Wolter reiterates most of the same points he’s been making for years now, particularly in terms of conspiracies surrounding the Templars venturing to America. He endorsed the claim that Henry I Sinclair, Earl of Orkney traveled to America in 1398, which he cites to “the legend,” still ignorant after all these years that the “legend” wasn’t developed until the 1800s, and that the only ancient text on which it is based, the Zeno Narrative, mentions neither Sinclair nor 1398 nor America. “Most people,” he adds, believe that Sinclair brought “the bloodline” (of Jesus) to America. Most of whom? His fellow conspiracy theorists?
He adds that the Templar-Sinclair-Jesus clan had a Gnostic Egyptian religion, and he seems to be conflating the Templars with the Cathars. He adds that he believes that the idol Baphomet allegedly worshiped by Templars was really John the Baptist, whom he identifies as a “past master” of the Templar cult.
Following this, the hosts move on to Wolter’s failed History channel show, Pirate Treasure of the Knights Templar, and Wolter admits that he originally was asked only to do a brief stint as an “expert” talking head, but producers completely rewrote and redefined the show around Wolter after the producer fell under Wolter’s sway and bought into his conspiracies entirely. Thus, Wolter ended up with the majority of the show, and he also admits that the show’s timeline was false, with scenes edited and moved in time to create a story that placed Wolter at the beginning of events rather than coming into them in the middle. Or, if we read it another way, the show couldn’t come up with a storyline worth spending History’s money on from Barry Clifford alone, and they turned to fringe history to justify the expenditure and turn a boring dive into a series.

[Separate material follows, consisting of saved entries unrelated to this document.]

(* Let $1<a_1<a_2$ be coprime integers, $S=\langle a_1,a_2\rangle$, and $t\in(1,\infty)$. If $r_0(t)$ is rational and $|a_1a_2P(t)|>a_1$, then $t$ is perspicacious, i.e. $[0,a_2]$ is not contained in the closure of $\Delta_t(S)$.
   Context: $S=\{\lambda_1a_1+\lambda_2a_2:\lambda_1,\lambda_2\in\mathbb{N}_0\}$. For $t\in[1,\infty)$ and $(u,v)\in\mathbb{R}^2$, $\|(u,v)\|_t=(|u|^t+|v|^t)^{1/t}$. For $x\in S$, $Z(x)=\{(m,n)\in\mathbb{N}_0^2: ma_1+na_2=x\}$, $\mathscr{L}_t(x)=\{\|f\|_t: f\in Z(x)\}$, $\Delta_t(x)$ is the set of differences between consecutive elements of $\mathscr{L}_t(x)$ (in increasing order), and $\Delta_t(S)=\bigcup_{x\in S}\Delta_t(x)$. A parameter $t\in(1,\infty)$ is dull if $[0,a_2]$ is contained in the closure of $\Delta_t(S)$, and perspicacious otherwise. Define $\mu_t(r)=\left\|\left(\frac{1-r}{a_1},\frac{r}{a_2}\right)\right\|_t$ for $r\in[0,1]$, $r_0(t)=\min\{r\in[0,1]:\mu_t(r)=\frac{1}{a_2}\}$, and $P(t)=\mu_t'(r_0(t))$ (derivative in $r$). *)

theory Defs
  imports "HOL-Analysis.Analysis"
begin

definition numsg :: "nat \<Rightarrow> nat \<Rightarrow> nat set" where
  "numsg a1 a2 = {l1 * a1 + l2 * a2 | l1 l2. True}"

definition tnorm :: "real \<Rightarrow> real \<times> real \<Rightarrow> real" where
  "tnorm t uv = (\<bar>fst uv\<bar> powr t + \<bar>snd uv\<bar> powr t) powr (1 / t)"

definition factorizations :: "nat \<Rightarrow> nat \<Rightarrow> nat \<Rightarrow> (nat \<times> nat) set" where
  "factorizations a1 a2 x = {(m, n). m * a1 + n * a2 = x}"

definition tlengths :: "real \<Rightarrow> nat \<Rightarrow> nat \<Rightarrow> nat \<Rightarrow> real set" where
  "tlengths t a1 a2 x = (\<lambda>(m, n). tnorm t (real m, real n)) ` factorizations a1 a2 x"

definition tdelta :: "real \<Rightarrow> nat \<Rightarrow> nat \<Rightarrow> nat \<Rightarrow> real set" where
  "tdelta t a1 a2 x = {z - y | y z. y \<in> tlengths t a1 a2 x \<and> z \<in> tlengths t a1 a2 x \<and> y < z
      \<and> (\<forall>w \<in> tlengths t a1 a2 x. \<not> (y < w \<and> w < z))}"

definition tdelta_S :: "real \<Rightarrow> nat \<Rightarrow> nat \<Rightarrow> real set" where
  "tdelta_S t a1 a2 = (\<Union>x \<in> numsg a1 a2. tdelta t a1 a2 x)"

definition dull :: "real \<Rightarrow> nat \<Rightarrow> nat \<Rightarrow> bool" where
  "dull t a1 a2 \<longleftrightarrow> {0 .. real a2} \<subseteq> closure (tdelta_S t a1 a2)"

definition perspicacious :: "real \<Rightarrow> nat \<Rightarrow> nat \<Rightarrow> bool" where
  "perspicacious t a1 a2 \<longleftrightarrow> \<not> dull t a1 a2"

definition mu :: "real \<Rightarrow> nat \<Rightarrow> nat \<Rightarrow> real \<Rightarrow> real" where
  "mu t a1 a2 r = tnorm t ((1 - r) / real a1, r / real a2)"

definition r0 :: "real \<Rightarrow> nat \<Rightarrow> nat \<Rightarrow> real" where
  "r0 t a1 a2 = (LEAST r. r \<in> {0..1} \<and> mu t a1 a2 r = 1 / real a2)"

definition Pder :: "real \<Rightarrow> nat \<Rightarrow> nat \<Rightarrow> real" where
  "Pder t a1 a2 = deriv (mu t a1 a2) (r0 t a1 a2)"

end

theory Submission
  imports Defs
begin

text \<open>A factorization \<open>(m, n)\<close> of \<open>x\<close> has length \<open>x mu (n a2 / x)\<close>, and \<open>mu\<close> is convex with
  \<open>mu 0 = 1/a1 > 1/a2 = mu r0 = mu 1\<close>, so its slope \<open>P\<close> at \<open>r0\<close> is nonpositive.
  Let \<open>y < z\<close> be consecutive lengths of \<open>x\<close>. If \<open>z \<le> x/a2\<close>, trading \<open>a2\<close> copies of \<open>a1\<close> for
  \<open>a1\<close> copies of \<open>a2\<close> raises a length by at most \<open>a1\<close>, so \<open>z - y \<le> a1\<close>. Otherwise \<open>z\<close> comes
  from the decreasing branch \<open>[0, r0]\<close> of \<open>mu\<close>, and by coprimality and convexity
  \<open>z - y \<ge> -P a1 a2\<close>, except in two configurations near \<open>r0\<close>. There the gaps tend, as
  \<open>x \<rightarrow> \<infinity>\<close>, to \<open>-P a1 a2\<close> or to \<open>-P d + a1 m' / a2\<close> with \<open>m' < a2\<close> and
  \<open>d = r0 x - n a2 \<in> [0, a1 a2)\<close>; since \<open>r0\<close> is rational, \<open>d\<close> ranges over a finite grid.
  So all but finitely many gaps avoid a neighbourhood of a finite set, and a point of
  \<open>(a1, min (-P a1 a2) a2)\<close>, a nonempty interval by hypothesis, escapes the closure.\<close>

lemma tnorm_nonneg: "0 \<le> tnorm t uv"
  unfolding tnorm_def by simp

lemma tnorm_scale:
  assumes "0 < t"
  shows "tnorm t (c * u, c * v) = \<bar>c\<bar> * tnorm t (u, v)"
proof -
  have "\<bar>c * u\<bar> powr t + \<bar>c * v\<bar> powr t = \<bar>c\<bar> powr t * (\<bar>u\<bar> powr t + \<bar>v\<bar> powr t)"
    by (simp add: abs_mult powr_mult distrib_left)
  then show ?thesis
    using assms unfolding tnorm_def by (simp add: powr_mult powr_powr)
qed

lemma tnorm_le_1_iff:
  assumes "0 < t"
  shows "tnorm t (u, v) \<le> 1 \<longleftrightarrow> \<bar>u\<bar> powr t + \<bar>v\<bar> powr t \<le> 1"
proof -
  have "s powr (1 / t) \<le> 1 \<longleftrightarrow> s \<le> 1" if "0 \<le> s" for s :: real
    using that assms powr_le1[of "1 / t" s] powr_mono2[of t "s powr (1 / t)" 1]
    by (auto simp: powr_powr)
  then show ?thesis
    unfolding tnorm_def by simp
qed

lemma tnorm_eq_0_iff:
  assumes "0 < t"
  shows "tnorm t (u, v) = 0 \<longleftrightarrow> u = 0 \<and> v = 0"
  using assms unfolding tnorm_def by (simp add: add_nonneg_eq_0_iff)

lemma tnorm_zero_left:
  assumes "0 < t"
  shows "tnorm t (0, v) = \<bar>v\<bar>"
  using assms unfolding tnorm_def by (simp add: powr_powr)

lemma tnorm_mono:
  assumes "0 < t" "\<bar>u\<bar> \<le> \<bar>u'\<bar>" "\<bar>v\<bar> \<le> \<bar>v'\<bar>"
  shows "tnorm t (u, v) \<le> tnorm t (u', v')"
  unfolding tnorm_def using assms by (auto intro!: powr_mono2 add_mono)

lemma abs_snd_le_tnorm:
  assumes "0 < t"
  shows "\<bar>v\<bar> \<le> tnorm t (u, v)"
  using tnorm_mono[OF assms, of 0 u v v] tnorm_zero_left[OF assms] by simp

lemma convex_on_powr_nonneg:
  assumes "1 \<le> p"
  shows "convex_on {0..} (\<lambda>x::real. x powr p)"
proof (rule convex_onI)
  fix \<theta> x y :: real
  assume \<theta>: "0 < \<theta>" "\<theta> < 1" and xy: "x \<in> {0..}" "y \<in> {0..}"
  have shrink: "(c * z) powr p \<le> c * z powr p" if "0 \<le> c" "c \<le> 1" "0 \<le> z" for c z :: real
  proof -
    have "c powr p \<le> c"
      using that assms powr_mono'[of 1 p c] by (cases "c = 0") auto
    then show ?thesis
      using that by (simp add: powr_mult mult_right_mono)
  qed
  show "((1 - \<theta>) *\<^sub>R x + \<theta> *\<^sub>R y) powr p \<le> (1 - \<theta>) * x powr p + \<theta> * y powr p"
  proof (cases "x = 0 \<or> y = 0")
    case True
    then show ?thesis
      using shrink[of \<theta> y] shrink[of "1 - \<theta>" x] \<theta> xy by auto
  next
    case False
    then show ?thesis
      using convex_onD[OF powr_convex[OF assms], of \<theta> x y] \<theta> xy by simp
  qed
qed simp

Most of the rest of the discussion of the show simply restates claims from the program, and it is noteworthy that Wolter fails to correct the show hosts when they identify the lead ingot brought up by Barry Clifford as “silver,” as the show had claimed. A UNESCO report indicated that the ingot was not silver but lead, though Wolter, who never examined the artifact, does not endorse the findings.
He then goes on to the question of the descendants of Jesus and Mary Magdalene. He asserts that “sources” (he doesn’t say which—and can’t since there are no ancient sources in this regard) claim the couple had four children, and he says that each of them had multiple children, and “it adds up pretty quick,” as many as “millions” of people today. Indeed, this is true to the point that today it would be utterly irrelevant, a mere trickle in anyone’s genetic heritage, meaning that any given living person today is as closely related to Jesus as I am to the Roman emperors. But Wolter doesn’t understand genetics or geometric sequences, so he assumes that the Knights Templar are special in being Jesus-spawn. This would only have relevance under two conditions, either (a) inbreeding to keep the bloodline “pure” and reduce the number of descendants or (b) primogeniture (or a similar system) where specific descendants are considered culturally (though, obviously, not genetically) more important than others.

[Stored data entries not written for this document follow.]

(* Let $\mathbf{G}=(G_1,\dots,G_5)$ be a $5$-multigraph on four vertices not containing three crossing pairs and set $e=e(\mathbf{G})$. (i) If $e\ge 23$, then there exists an enumeration $V(\mathbf{G})=\{w,x,y,z\}$ such that $e(w,x)+e(y,z)\le 5$. (ii) If $e\ge 22$, then there exist two distinct vertices $u$ and $v$ with $e(u,v)=5$.
   Context: A $5$-multigraph $\mathbf{G}=(G_1,\dots,G_5)$ is a $5$-tuple of simple graphs on a common vertex set $V(\mathbf{G})$; $e(\mathbf{G})=\sum_{i=1}^5 e(G_i)$, and for distinct vertices $u,v$ the multiplicity $e(u,v)$ is the number of indices $i$ with $uv\in E(G_i)$. $\mathbf{G}$ contains three crossing pairs if there are three distinct indices $i,j,k\in[5]$ and four distinct vertices $w,x,y,z$ with $wx,yz\in E(G_i)$, $wy,xz\in E(G_j)$ and $wz,xy\in E(G_k)$. *)

theory Defs
  imports Main
begin

definition simple_graph_on :: "'a set \<Rightarrow> ('a \<Rightarrow> 'a \<Rightarrow> bool) \<Rightarrow> bool" where
  "simple_graph_on V E \<longleftrightarrow>
     (\<forall>u v. E u v \<longrightarrow> u \<in> V \<and> v \<in> V) \<and> (\<forall>u. \<not> E u u) \<and> (\<forall>u v. E u v \<longrightarrow> E v u)"

definition multigraph5 :: "'a set \<Rightarrow> (nat \<Rightarrow> 'a \<Rightarrow> 'a \<Rightarrow> bool) \<Rightarrow> bool" where
  "multigraph5 V G \<longleftrightarrow> (\<forall>i\<in>{1..5}. simple_graph_on V (G i))"

definition edges :: "('a \<Rightarrow> 'a \<Rightarrow> bool) \<Rightarrow> 'a set set" where
  "edges E = {{u, v} | u v. E u v}"

definition total_edges :: "(nat \<Rightarrow> 'a \<Rightarrow> 'a \<Rightarrow> bool) \<Rightarrow> nat" where
  "total_edges G = (\<Sum>i\<in>{1..5}. card (edges (G i)))"

definition mult :: "(nat \<Rightarrow> 'a \<Rightarrow> 'a \<Rightarrow> bool) \<Rightarrow> 'a \<Rightarrow> 'a \<Rightarrow> nat" where
  "mult G u v = card {i\<in>{1..5}. G i u v}"

definition three_crossing_pairs :: "'a set \<Rightarrow> (nat \<Rightarrow> 'a \<Rightarrow> 'a \<Rightarrow> bool) \<Rightarrow> bool" where
  "three_crossing_pairs V G \<longleftrightarrow>
     (\<exists>i j k w x y z. i \<in> {1..5} \<and> j \<in> {1..5} \<and> k \<in> {1..5} \<and>
        i \<noteq> j \<and> i \<noteq> k \<and> j \<noteq> k \<and>
        w \<in> V \<and> x \<in> V \<and> y \<in> V \<and> z \<in> V \<and> distinct [w, x, y, z] \<and>
        G i w x \<and> G i y z \<and> G j w y \<and> G j x z \<and> G k w z \<and> G k x y)"

end

theory Submission
  imports Defs
begin

text \<open>The six pairs of four vertices w, x, y, z form three perfect matchings
  {wx, yz}, {wy, xz}, {wz, xy}; write e(M) for the total multiplicity of the two edges of a
  matching M and S_M for the set of colours whose graph contains both of them.
  Inclusion-exclusion gives e(M) \<le> 5 + |S_M|, and e(G) is the sum of the three e(M).
  Three crossing pairs are precisely distinct representatives of the three sets S_M, so if
  there are none, Hall's condition fails: one S_M is empty, two have at most one element, or
  all three have at most two. Combined with e(M) \<le> 10, or e(M) \<le> 8 when no pair has
  multiplicity 5, each alternative forces e(G) \<le> 22 unless some e(M) \<le> 5, and e(G) \<le> 21
  unless some multiplicity equals 5.\<close>

lemma exists_distinct_reps:
  assumes "1 \<le> card A" "2 \<le> card B" "3 \<le> card C"
  shows "\<exists>a\<in>A. \<exists>b\<in>B. \<exists>c\<in>C. distinct [a, b, c]"
proof -
  obtain a where a: "a \<in> A" using assms(1) by fastforce
  have "\<not> B \<subseteq> {a}" using card_mono[of "{a}" B] assms(2) by auto
  then obtain b where b: "b \<in> B" "b \<noteq> a" by blast
  have "card {a, b} \<le> 2" by (simp add: card_insert_if)
  then have "\<not> C \<subseteq> {a, b}" using card_mono[of "{a, b}" C] assms(3) by auto
  then obtain c where c: "c \<in> C" "c \<noteq> a" "c \<noteq> b" by blast
  have "distinct [a, b, c]" using b c by auto
  with a b c show ?thesis by blast
qed

lemma card_cases_if_no_distinct_reps:
  assumes "\<not> (\<exists>a\<in>A. \<exists>b\<in>B. \<exists>c\<in>C. distinct [a, b, c])"
  shows "card A = 0 \<or> card B = 0 \<or> card C = 0
    \<or> card A \<le> 1 \<and> card B \<le> 1 \<or> card A \<le> 1 \<and> card C \<le> 1 \<or> card B \<le> 1 \<and> card C \<le> 1
    \<or> card A \<le> 2 \<and> card B \<le> 2 \<and> card C \<le> 2"
proof -
  have card_bound: "\<not> (1 \<le> card X \<and> 2 \<le> card Y \<and> 3 \<le> card Z)"
    if "\<not> (\<exists>x\<in>X. \<exists>y\<in>Y. \<exists>z\<in>Z. distinct [x, y, z])" for X Y Z
    using exists_distinct_reps that by blast
  have "\<not> (1 \<le> card A \<and> 2 \<le> card B \<and> 3 \<le> card C)"
    "\<not> (1 \<le> card A \<and> 2 \<le> card C \<and> 3 \<le> card B)"
    "\<not> (1 \<le> card B \<and> 2 \<le> card A \<and> 3 \<le> card C)"
    "\<not> (1 \<le> card B \<and> 2 \<le> card C \<and> 3 \<le> card A)"
    "\<not> (1 \<le> card C \<and> 2 \<le> card A \<and> 3 \<le> card B)"
    "\<not> (1 \<le> card C \<and> 2 \<le> card B \<and> 3 \<le> card A)"
    by (rule card_bound, use assms in fastforce)+
  then show ?thesis by presburger
qed

lemma mem_edges_iff:
  assumes "\<And>u v. E u v \<Longrightarrow> E v u"
  shows "{u, v} \<in> edges E \<longleftrightarrow> E u v"
  using assms unfolding edges_def by (auto simp: doubleton_eq_iff)

lemma edges_subset_pairs:
  assumes "simple_graph_on V E"
  shows "edges E \<subseteq> {{u, v} | u v. u \<in> V \<and> v \<in> V \<and> u \<noteq> v}"
  using assms unfolding simple_graph_on_def edges_def by blast

lemma total_edges_eq_sum_over_pairs:
  assumes "finite P" "\<And>i. i \<in> {1..5} \<Longrightarrow> edges (G i) \<subseteq> P"
  shows "total_edges G = (\<Sum>p\<in>P. card {i\<in>{1..5}. p \<in> edges (G i)})"
proof -
  have "total_edges G = (\<Sum>i\<in>{1..5::nat}. \<Sum>p\<in>P. of_bool (p \<in> edges (G i)))"
    unfolding total_edges_def using assms
    by (intro sum.cong) (simp_all add: Int_absorb1 flip: Int_def)
  also have "\<dots> = (\<Sum>p\<in>P. card {i\<in>{1..5}. p \<in> edges (G i)})"
    by (subst sum.swap) (simp add: Int_def)
  finally show ?thesis .
qed

lemma total_edges_four_vertices:
  assumes "multigraph5 {w, x, y, z} G" "distinct [w, x, y, z]"
  shows "total_edges G
    = mult G w x + mult G y z + mult G w y + mult G x z + mult G w z + mult G x y"
proof -
  let ?P = "{{w, x}, {y, z}, {w, y}, {x, z}, {w, z}, {x, y}}"
  let ?colours = "\<lambda>p. card {i\<in>{1..5}. p \<in> edges (G i)}"
  have graph: "simple_graph_on {w, x, y, z} (G i)" if "i \<in> {1..5}" for i
    using assms(1) that unfolding multigraph5_def by blast
  have colours_mult: "?colours {u, v} = mult G u v" for u v
    unfolding mult_def using graph
    by (intro arg_cong[where f = card] Collect_cong) (auto simp: mem_edges_iff simple_graph_on_def)
  have "edges (G i) \<subseteq> ?P" if i: "i \<in> {1..5}" for i
  proof
    fix p assume "p \<in> edges (G i)"
    then obtain u v where "p = {u, v}" "u \<in> {w, x, y, z}" "v \<in> {w, x, y, z}" "u \<noteq> v"
      using edges_subset_pairs[OF graph[OF i]] by blast
    then show "p \<in> ?P"
      by (elim insertE emptyE) (simp_all add: insert_commute)
  qed
  then have "total_edges G = (\<Sum>p\<in>?P. ?colours p)"
    by (intro total_edges_eq_sum_over_pairs) simp_all
  also have "\<dots> = ?colours {w, x} + ?colours {y, z} + ?colours {w, y} + ?colours {x, z}
      + ?colours {w, z} + ?colours {x, y}"
    using assms(2) by (auto simp: doubleton_eq_iff add.assoc)
  finally show ?thesis
    by (simp only: colours_mult)
qed

lemma card_le_if_subset_atLeastAtMost: "A \<subseteq> {1..n::nat} \<Longrightarrow> card A \<le> n"
  using card_mono[of "{1..n}" A] by simp

lemma mult_le_5: "mult G u v \<le> 5"
  unfolding mult_def by (rule card_le_if_subset_atLeastAtMost) blast

definition matching_colours ::
    "(nat \<Rightarrow> 'a \<Rightarrow> 'a \<Rightarrow> bool) \<Rightarrow> 'a \<Rightarrow> 'a \<Rightarrow> 'a \<Rightarrow> 'a \<Rightarrow> nat set" where
  "matching_colours G a b c d = {i\<in>{1..5}. G i a b \<and> G i c d}"

lemma mult_add_mult_le:
  "mult G a b + mult G c d \<le> 5 + card (matching_colours G a b c d)"
proof -
  let ?A = "{i\<in>{1..5::nat}. G i a b}" and ?B = "{i\<in>{1..5::nat}. G i c d}"
  have "card (?A \<union> ?B) \<le> 5"
    by (rule card_le_if_subset_atLeastAtMost) blast
  moreover have "card ?A + card ?B = card (?A \<union> ?B) + card (?A \<inter> ?B)"
    by (rule card_Un_Int) simp_all
  moreover have "card (?A \<inter> ?B) = card (matching_colours G a b c d)"
    unfolding matching_colours_def by (rule arg_cong[where f = card]) blast
  ultimately show ?thesis
    unfolding mult_def by linarith
qed

lemma no_distinct_matching_colours:
  assumes "\<not> three_crossing_pairs {w, x, y, z} G" "distinct [w, x, y, z]"
  shows "\<not> (\<exists>i\<in>matching_colours G w x y z. \<exists>j\<in>matching_colours G w y x z.
    \<exists>k\<in>matching_colours G w z x y. distinct [i, j, k])"
proof
  assume "\<exists>i\<in>matching_colours G w x y z. \<exists>j\<in>matching_colours G w y x z.
    \<exists>k\<in>matching_colours G w z x y. distinct [i, j, k]"
  then obtain i j k where colours: "i \<in> {1..5}" "j \<in> {1..5}" "k \<in> {1..5}" "distinct [i, j, k]"
    "G i w x" "G i y z" "G j w y" "G j x z" "G k w z" "G k x y"
    unfolding matching_colours_def by auto
  have "three_crossing_pairs {w, x, y, z} G"
    unfolding three_crossing_pairs_def
    by (rule exI[of _ i], rule exI[of _ j], rule exI[of _ k], rule exI[of _ w], rule exI[of _ x],
        rule exI[of _ y], rule exI[of _ z]) (use colours assms(2) in simp)
  with assms(1) show False ..
qed

lemma perfect_matching_mult_bounds:
  assumes "multigraph5 {w, x, y, z} G" "distinct [w, x, y, z]"
    and "\<not> three_crossing_pairs {w, x, y, z} G"
  shows "23 \<le> total_edges G \<Longrightarrow> mult G w x + mult G y z \<le> 5 \<or> mult G w y + mult G x z \<le> 5
      \<or> mult G w z + mult G x y \<le> 5"
    and "22 \<le> total_edges G \<Longrightarrow>
      5 \<in> {mult G w x, mult G y z, mult G w y, mult G x z, mult G w z, mult G x y}"
proof -
  note total = total_edges_four_vertices[OF assms(1,2)]
  note matchings = mult_add_mult_le[of G w x y z] mult_add_mult_le[of G w y x z]
    mult_add_mult_le[of G w z x y]
  note le_5 = mult_le_5[of G w x] mult_le_5[of G y z] mult_le_5[of G w y] mult_le_5[of G x z]
    mult_le_5[of G w z] mult_le_5[of G x y]
  note hall = card_cases_if_no_distinct_reps[OF no_distinct_matching_colours[OF assms(3,2)]]
  show "mult G w x + mult G y z \<le> 5 \<or> mult G w y + mult G x z \<le> 5 \<or> mult G w z + mult G x y \<le> 5"
    if "23 \<le> total_edges G"
  proof (rule ccontr)
    assume "\<not> ?thesis"
    then have "6 \<le> mult G w x + mult G y z" "6 \<le> mult G w y + mult G x z"
      "6 \<le> mult G w z + mult G x y"
      by auto
    with hall show False
      using that total matchings le_5 by (elim disjE conjE) linarith+
  qed
  show "5 \<in> {mult G w x, mult G y z, mult G w y, mult G x z, mult G w z, mult G x y}"
    if "22 \<le> total_edges G"
  proof (rule ccontr)
    assume "5 \<notin> {mult G w x, mult G y z, mult G w y, mult G x z, mult G w z, mult G x y}"
    with le_5 have "mult G w x \<le> 4" "mult G y z \<le> 4" "mult G w y \<le> 4" "mult G x z \<le> 4"
      "mult G w z \<le> 4" "mult G x y \<le> 4"
      by auto
    with hall show False
      using that total matchings by (elim disjE conjE) linarith+
  qed
qed

theorem lemma3p5:
  fixes V :: "'a set" and G :: "nat \<Rightarrow> 'a \<Rightarrow> 'a \<Rightarrow> bool"
  assumes "multigraph5 V G"
    and "finite V" and "card V = 4"
    and "\<not> three_crossing_pairs V G"
  shows "(total_edges G \<ge> 23 \<longrightarrow>
            (\<exists>w x y z. V = {w, x, y, z} \<and> distinct [w, x, y, z] \<and>
                        mult G w x + mult G y z \<le> 5))
       \<and> (total_edges G \<ge> 22 \<longrightarrow>
            (\<exists>u v. u \<in> V \<and> v \<in> V \<and> u \<noteq> v \<and> mult G u v = 5))"
proof -
  obtain xs where "distinct xs" "set xs = V"
    using finite_distinct_list[OF assms(2)] by blast
  moreover from this have "length xs = 4"
    using assms(3) distinct_card by fastforce
  ultimately obtain w x y z where V: "V = {w, x, y, z}" and distinct: "distinct [w, x, y, z]"
    by (auto simp: numeral_eq_Suc length_Suc_conv)
  note bounds = perfect_matching_mult_bounds[OF _ distinct, folded V, OF assms(1,4)]
  have swapped:
    "V = {w, y, x, z}" "distinct [w, y, x, z]" "V = {w, z, x, y}" "distinct [w, z, x, y]"
    using V distinct by auto
  show ?thesis
  proof (intro conjI impI)
    assume "23 \<le> total_edges G"
    with bounds(1)
    show "\<exists>w x y z. V = {w, x, y, z} \<and> distinct [w, x, y, z] \<and> mult G w x + mult G y z \<le> 5"
      using V distinct swapped by blast
  next
    assume "22 \<le> total_edges G"
    with bounds(2) show "\<exists>u v. u \<in> V \<and> v \<in> V \<and> u \<noteq> v \<and> mult G u v = 5"
      using V distinct by fastforce
  qed
qed

end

Wolter asserts that the “triple tau” Freemasonic symbol discussed on Pirate Treasure is connected to the Greek monogram of Jesus, IHS, originally IH, which he says looks like the Freemasonic symbol. He believes that the tau actually symbolizes the Nilometer used to measure the Nile’s height to predict the annual flood. A Nilometer is T-shaped, so Wolter connects it to the tau, the ankh, and the cross.
Later, Wolter predicted the coming of a world where all humanity will live under one world government with increasingly restricted freedoms. He predicts a global currency, global food distribution, and centrally controlled communications. He sees Illuminati conspiracies as a misunderstood reflection of plans for this coming world government. He feels that this is a bad thing, and that he would prefer strict population control measures to help preserve the environment. He blames religion for overpopulation, particularly due to the encouragement of procreation and opposition to abortion and contraception.

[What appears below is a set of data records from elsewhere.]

(* Let $A$ be an artinian local ring with infinite residue field, $S$ a finitely generated standard $\mathbb N^d$-graded algebra over $A$, and let $0\to M'\to M\to M''\to0$ be an exact sequence of finitely generated $\mathbb N^d$-graded $S$-modules. Let $\mathbf x$ be a sequence of elements in $\bigcup_{i=1}^dS_i$. Then $\mathbf x$ is a mixed multiplicity system of $M$ if and only if $\mathbf x$ is a mixed multiplicity system of both $M'$ and $M''$.
   Context: $S$ standard: $S_{\mathbf 0}=A$, generated by $S_i:=S_{\mathbf e_i}$. $S_{++}=\bigoplus_{\mathbf n\ge\mathbf 1}S_{\mathbf n}$; for a graded module $F$, $\mathrm{Supp}_{++}F$ is the set of homogeneous primes $P$ of $S$ not containing $S_{++}$ with $F_P\ne0$ (dimension $-\infty$ if empty). A sequence $\mathbf x$ of elements of $\bigcup_jS_j$ is a mixed multiplicity system of $F$ if $\dim\mathrm{Supp}_{++}(F/\mathbf xF)\le0$ (with $\mathbf xF=0$ for empty $\mathbf x$). *)

theory Defs
  imports "HOL-Algebra.Algebra"
begin

text \<open>Multidegrees in N^d are functions 'd => nat for a finite index type 'd (d = CARD('d)).\<close>

definition unitdeg :: "'d \<Rightarrow> ('d \<Rightarrow> nat)" where
  "unitdeg i = (\<lambda>j. if j = i then 1 else 0)"

definition degadd :: "('d \<Rightarrow> nat) \<Rightarrow> ('d \<Rightarrow> nat) \<Rightarrow> ('d \<Rightarrow> nat)" where
  "degadd m n = (\<lambda>i. m i + n i)"

definition graded_decomp :: "('a, 'm) ring_scheme \<Rightarrow> (('d::finite \<Rightarrow> nat) \<Rightarrow> 'a set) \<Rightarrow> bool" where
  "graded_decomp R G \<longleftrightarrow> (\<forall>n. additive_subgroup (G n) R) \<and>
     (\<forall>x\<in>carrier R. \<exists>!c. (\<forall>n. c n \<in> G n) \<and> finite {n. c n \<noteq> \<zero>\<^bsub>R\<^esub>}
        \<and> x = finsum R c {n. c n \<noteq> \<zero>\<^bsub>R\<^esub>})"

definition hcomp :: "('a, 'm) ring_scheme \<Rightarrow> (('d::finite \<Rightarrow> nat) \<Rightarrow> 'a set) \<Rightarrow> ('d \<Rightarrow> nat) \<Rightarrow> 'a \<Rightarrow> 'a" where
  "hcomp R G n x = (THE c. (\<forall>n. c n \<in> G n) \<and> finite {n. c n \<noteq> \<zero>\<^bsub>R\<^esub>}
        \<and> x = finsum R c {n. c n \<noteq> \<zero>\<^bsub>R\<^esub>}) n"

definition graded_ring :: "'a ring \<Rightarrow> (('d::finite \<Rightarrow> nat) \<Rightarrow> 'a set) \<Rightarrow> bool" where
  "graded_ring S SG \<longleftrightarrow> cring S \<and> graded_decomp S SG \<and> \<one>\<^bsub>S\<^esub> \<in> SG (\<lambda>_. 0) \<and>
     (\<forall>m n. \<forall>a\<in>SG m. \<forall>b\<in>SG n. a \<otimes>\<^bsub>S\<^esub> b \<in> SG (degadd m n))"

definition deg0_ring :: "'a ring \<Rightarrow> (('d::finite \<Rightarrow> nat) \<Rightarrow> 'a set) \<Rightarrow> 'a ring" where
  "deg0_ring S SG = S\<lparr>carrier := SG (\<lambda>_. 0)\<rparr>"

definition standard_graded :: "'a ring \<Rightarrow> (('d::finite \<Rightarrow> nat) \<Rightarrow> 'a set) \<Rightarrow> bool" where
  "standard_graded S SG \<longleftrightarrow> graded_ring S SG \<and>
     carrier S = generate_ring S (SG (\<lambda>_. 0) \<union> (\<Union>i. SG (unitdeg i)))"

As we move toward the end of the show, he still refuses to understand that the Columbus-first paradigm belonged to Washington Irving in the early 1800s and that scholars have recognized that the Vikings reached the New World first since the 1830s, and have had conclusive proof since the 1960s. He did concede, though, that “they” (the academics, presumably) don’t “harp” on Columbus being first anymore. Nevertheless, he believes that the ancients knew all about the Americas, a claim that goes back to the Spanish writers immediately after Columbus and has never been proved with a single map or text.
The interview returns to more 9/11 conspiracy questions, and Wolter tries to counter the host’s 9/11 Truther arguments about jet fuel and concrete. He does, however, explain that he has “disdain” for George W. Bush and Dick Cheney, believes they should be tried for war crimes, and does not trust their official explanation of events on account of their duplicitousness.
Wolter finishes by lamenting that cable television’s overall ratings are down (he wrongly says industry ratings fell 40% year over year; he seems to be referring to A&E’s 36% summertime decline, part of a trend of declines between 14 and 36% at the top cable channels in July), and that as a result America Unearthed may not have a future now that ratings have fallen and H2 is gone. Wolter says he has future projects, but he can’t share what they are other than the “pretty important paper” he “published on my blog site,” i.e. his post on the so-called Jesus Ossuary.